Mary gets caught up in events when she rescues a member of the gang, Jem Trehearne (Robert Newton), who the other members attempt to hang on suspicion of embezzling.  Jem ends up being an undercover law officer trying to find the mastermind behind the wreckers and teams up with Humphrey to investigate.  But all is not as it seems.

O’Hara is great in her role and shows a lot of agency for a female character in that era.  And yet, the film also depicts a society that’s absolutely terrifying for a woman as Mary’s life is in the hands of cutthroats and gentry alike, with implications of even worse things that the Hays Code wouldn’t allow to be shown.  There’s a moody atmosphere to the setting and some interesting camera angles looking through holes in a ceiling and a cave that add to sense of things closing in around the characters.

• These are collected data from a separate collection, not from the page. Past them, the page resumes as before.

(* Let $X$ and $Y$ be real Banach lattices (nonzero). The following are equivalent: (i) Every uniformly bounded subset $\mathscr{T}\subseteq\mathcal{L}(X,Y)$ is $\ell^2$-bounded. (ii) $X$ is $2$-concave and $Y$ is $2$-convex.
   Context: A family $\mathscr{T}\subseteq\mathcal{L}(X,Y)$ is uniformly bounded if $\sup_{T\in\mathscr{T}}\|T\|<\infty$. It is $\ell^2$-bounded if there is $C\ge0$ with $\|(\sum_{n=1}^N|T_nx_n|^2)^{1/2}\|\le C\|(\sum_{n=1}^N|x_n|^2)^{1/2}\|$ for all $N$, all $x_n\in X$ and all $T_n\in\mathscr{T}$ (square functions via Krivine's calculus). A Banach lattice $X$ is $2$-concave if there is $C_X$ with $(\sum_{n=1}^N\|x_n\|^2)^{1/2}\le C_X\|(\sum_{n=1}^N|x_n|^2)^{1/2}\|$ for all $N$ and $x_1,\dots,x_N\in X$; it is $2$-convex if $\|(\sum_{n=1}^N|x_n|^2)^{1/2}\|\le C_X(\sum_{n=1}^N\|x_n\|^2)^{1/2}$ for all such. *)

theory Defs
  imports "HOL-Analysis.Analysis"
begin

text \<open>Real Banach lattices are modelled as types of sort
  {banach, ordered_real_vector, lattice} (a complete normed real vector space
  carrying a lattice order compatible with the vector operations, i.e. a Riesz
  space) satisfying the Banach lattice norm axiom below.\<close>

definition labs :: "'a::{ab_group_add, lattice} \<Rightarrow> 'a" where
  "labs x = sup x (- x)"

Laughton is suitably smug as the aristocratic gambler. Behind the camera, he was a pain in Hitchcock’s butt, taking control of directing the film.  He was also responsible for bringing O’Hara into the movie and they’d appear together again in The Hunchback of Notre Dame later that year. On the whole, the rest of the acting in the film is not too strong.  Marie Ney in particular appears to be reading her lines for the first time from a cue card.  The last third of the film veers toward melodramatic.  Still it was a suitably entertaining jaunt into the Cornish past.